It was still early in the afternoon but the sun was already starting to set when the doctors finally arrived with their entourage. Ivan was somewhat surprised. The head doctor tipped his hat, “I’m sure he’s fine, but procedure is procedure, yes?” He disappeared into the depths of the cottage with the others. A few moments later, one of the men came running out. Ivan disconcerted, reached to stop him. The man turned, his face aghast, “it looks like he has a cerebral hemorrhage, the Secretary, h...he’s…dying!” Ivan’s whole body trembled, “not the Secretary…not now!” Ivan’s face turned to stone, it was all he could do to control his emotions. He was a Soviet Guard, he had never shed a tear on duty, but as he stood there it seemed the vastness of the unruly world came crashing down on him.
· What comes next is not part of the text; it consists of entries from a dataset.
(* Let $\vec E$ be as in the context, fix $b\in\Lambda^*$, and for $J_\Lambda,J'_\Lambda\in\mathbb{R}^{\Lambda^*}$ consider the curve $J_\Lambda(s)=e^{-s}J_\Lambda+\sqrt{1-e^{-2s}}J'_\Lambda$, $s\ge0$. For almost all $(J_\Lambda,J'_\Lambda)$ with respect to the product of standard Gaussian measures, the following implication holds for every $t\ge0$: if $F_b(s)>0$ for all $0\le s\le t$, then $\sigma_b(s)=\sigma_b(0)$ for all $0\le s\le t$.
   Context: $\Lambda\subset\mathbb{Z}^d$ is a finite box, $\Lambda^*$ its set of nearest-neighbour edges. For spins $\eta$ and $e=\{x,y\}$, $\eta_e=\eta_x\eta_y$; $\mathcal S_\Lambda\subset\{-1,1\}^{\Lambda^*}$ is the set of edge configurations induced by spin configurations on $\Lambda$. $H_{\Lambda,J}(\eta)=-\sum_{e\in\Lambda^*}J_e\eta_e$. $\vec E=(E(\eta,\eta'))_{\eta,\eta'\in\mathcal S_\Lambda}$ is a family of reals with $E(\eta,\eta)=0$ and $E(\eta,\eta'')=E(\eta,\eta')+E(\eta',\eta'')$. Critical set $\mathcal C=\bigcup_{\eta\ne\eta'}\{J_\Lambda:\sum_eJ_e(\eta_e-\eta'_e)=E(\eta,\eta')\}$. For $J_\Lambda\notin\mathcal C$, $\eta\prec\eta'$ iff $E(\eta,\eta')+H_{\Lambda,J}(\eta)-H_{\Lambda,J}(\eta')<0$ (a strict total order); $\sigma(J_\Lambda)$ is the $\prec$-minimal element and $\sigma^{\pm,b}(J_\Lambda)$ the $\prec$-minimal element among $\eta$ with $\eta_b=\pm1$. The flexibility $F_b(J_\Lambda)=\big|-\sum_{e}J_e(\sigma^{+,b}_e(J_\Lambda)-\sigma^{-,b}_e(J_\Lambda))+E(\sigma^{+,b}(J_\Lambda),\sigma^{-,b}(J_\Lambda))\big|$ on $\mathbb{R}^{\Lambda^*}\setminus\mathcal C$ extends uniquely to a continuous function on $\mathbb{R}^{\Lambda^*}$, still denoted $F_b$. Write $F_b(s)=F_b(J_\Lambda(s))$ and $\sigma(s)=\sigma(J_\Lambda(s))$ (defined when $J_\Lambda(s)\notin\mathcal C$). *)

theory Defs
  imports "HOL-Probability.Probability"
begin

type_synonym 'd site = "int ^ 'd"
type_synonym 'd edge = "'d site set"
type_synonym 'd cfg = "'d edge \<Rightarrow> real"   (* edge configurations / couplings *)

definition box_Z :: "'d::finite site \<Rightarrow> 'd site \<Rightarrow> 'd site set" where
  "box_Z a c = {x. \<forall>i. a $ i \<le> x $ i \<and> x $ i \<le> c $ i}"

definition nn_edges :: "'d::finite site set \<Rightarrow> 'd edge set" where
  "nn_edges L = {{x, y} | x y. x \<in> L \<and> y \<in> L \<and> (\<Sum>i\<in>UNIV. \<bar>x $ i - y $ i\<bar>) = 1}"

definition edge_spin :: "'d::finite site set \<Rightarrow> ('d site \<Rightarrow> real) \<Rightarrow> 'd cfg" where
  "edge_spin L \<eta> = (\<lambda>e. if e \<in> nn_edges L then (\<Prod>x\<in>e. \<eta> x) else 0)"

definition edge_cfgs :: "'d::finite site set \<Rightarrow> 'd cfg set" where
  "edge_cfgs L = {edge_spin L \<eta> | \<eta>. \<forall>x\<in>L. \<eta> x \<in> {-1, 1}}"

definition hamiltonian :: "'d::finite site set \<Rightarrow> 'd cfg \<Rightarrow> 'd cfg \<Rightarrow> real" where
  "hamiltonian L J \<eta> = - (\<Sum>e\<in>nn_edges L. J e * \<eta> e)"

definition critical_set :: "'d::finite site set \<Rightarrow> ('d cfg \<Rightarrow> 'd cfg \<Rightarrow> real) \<Rightarrow> 'd cfg set" where
  "critical_set L E = {J. \<exists>\<eta>\<in>edge_cfgs L. \<exists>\<eta>'\<in>edge_cfgs L. \<eta> \<noteq> \<eta>' \<and>
      (\<Sum>e\<in>nn_edges L. J e * (\<eta> e - \<eta>' e)) = E \<eta> \<eta>'}"

definition prec :: "'d::finite site set \<Rightarrow> ('d cfg \<Rightarrow> 'd cfg \<Rightarrow> real) \<Rightarrow> 'd cfg \<Rightarrow> 'd cfg \<Rightarrow> 'd cfg \<Rightarrow> bool" where
  "prec L E J \<eta> \<eta>' \<longleftrightarrow> E \<eta> \<eta>' + hamiltonian L J \<eta> - hamiltonian L J \<eta>' < 0"

definition prec_min :: "'d::finite site set \<Rightarrow> ('d cfg \<Rightarrow> 'd cfg \<Rightarrow> real) \<Rightarrow> 'd cfg \<Rightarrow> 'd cfg set \<Rightarrow> 'd cfg" where
  "prec_min L E J A = (THE \<eta>. \<eta> \<in> A \<and> (\<forall>\<eta>'\<in>A. \<eta>' \<noteq> \<eta> \<longrightarrow> prec L E J \<eta> \<eta>'))"

definition ground :: "'d::finite site set \<Rightarrow> ('d cfg \<Rightarrow> 'd cfg \<Rightarrow> real) \<Rightarrow> 'd cfg \<Rightarrow> 'd cfg" where
  "ground L E J = prec_min L E J (edge_cfgs L)"

definition ground_pm :: "'d::finite site set \<Rightarrow> ('d cfg \<Rightarrow> 'd cfg \<Rightarrow> real) \<Rightarrow> real \<Rightarrow> 'd edge \<Rightarrow> 'd cfg \<Rightarrow> 'd cfg" where
  "ground_pm L E s b J = prec_min L E J {\<eta> \<in> edge_cfgs L. \<eta> b = s}"

definition flex_raw :: "'d::finite site set \<Rightarrow> ('d cfg \<Rightarrow> 'd cfg \<Rightarrow> real) \<Rightarrow> 'd edge \<Rightarrow> 'd cfg \<Rightarrow> real" where
  "flex_raw L E b J = (let sp = ground_pm L E 1 b J; sm = ground_pm L E (-1) b J in
     \<bar>- (\<Sum>e\<in>nn_edges L. J e * (sp e - sm e)) + E sp sm\<bar>)"

definition flex :: "'d::finite site set \<Rightarrow> ('d cfg \<Rightarrow> 'd cfg \<Rightarrow> real) \<Rightarrow> 'd edge \<Rightarrow> 'd cfg \<Rightarrow> real" where
  "flex L E b = (THE F. continuous_on UNIV F \<and>
      (\<forall>J. J \<notin> critical_set L E \<longrightarrow> F J = flex_raw L E b J))"

definition gauss_couplings :: "'d::finite site set \<Rightarrow> 'd cfg measure" where
  "gauss_couplings L = PiM (nn_edges L) (\<lambda>_. density lborel std_normal_density)"

definition curve :: "'d cfg \<Rightarrow> 'd cfg \<Rightarrow> real \<Rightarrow> 'd cfg" where
  "curve J J' s = (\<lambda>e. exp (- s) * J e + sqrt (1 - exp (- 2 * s)) * J' e)"

end

theory Submission
  imports Defs
begin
The Soviets’ protector was going, Ivan felt a lone tear roll down his face, it was just as lonely as he.
Ivan heard his rifle butt drop on the floor as he snapped into action, he raced forward to his fallen leader calling for the other guard on duty. They lifted him gently onto a nearby couch. Ivan ran to call Georgii, “surely he would know what to do.” The phone rang a few times before Ivan heard the soft “hallo” from Georgii. “The General Secretary is in trouble comrade, I think he’s suffered a stroke.” The phone fell silent, Ivan held his breath, “I’m on my way.” The phone clicked as Ivan looked back at his comrade. He pensively replaced the receiver. The next few moments were as tense of moments as Ivan had ever experienced. The short quick breaths from the dictator only heightened the fear that permeated the room. Ivan didn’t want to think about it, but somehow the thought lingered, “what if this was it for the man who had stopped the Nazis?” For hours they waited, Ivan’s ears became as keen as a fox’s and twitched with every noise; the unbearable silence was only broken by the irregular breathing of the man on the couch. Finally there was a knock at the door. Ivan looked down at his watch, it was 3 am. Georgii Malenkov arrived along with Lavrentii Beria. The haughty members of the Politburo stormed into the room. Malenkov glanced at Ivan and barked: “GET OUT! Can’t you see he’s fine? He needs space! Out!” Ivan and the other sentinel saluted awkwardly before beating a hasty retreat. “Of course he was right,” Ivan thought to himself, “The real hero of the Soviet Union was strong and virile, he would pull through.” About an hour later Malenkov and Beria exited, assuring Ivan that the Secretary was fine and would soon be back to himself. After all, this was not the first time he’d suffered a stroke. Comforted but still on edge, Ivan looked at his watch, his shift was almost over again, but something told him he would be hard pressed to sleep today. He decided he’d stay on shift. He wanted to be close to his fearless leader today.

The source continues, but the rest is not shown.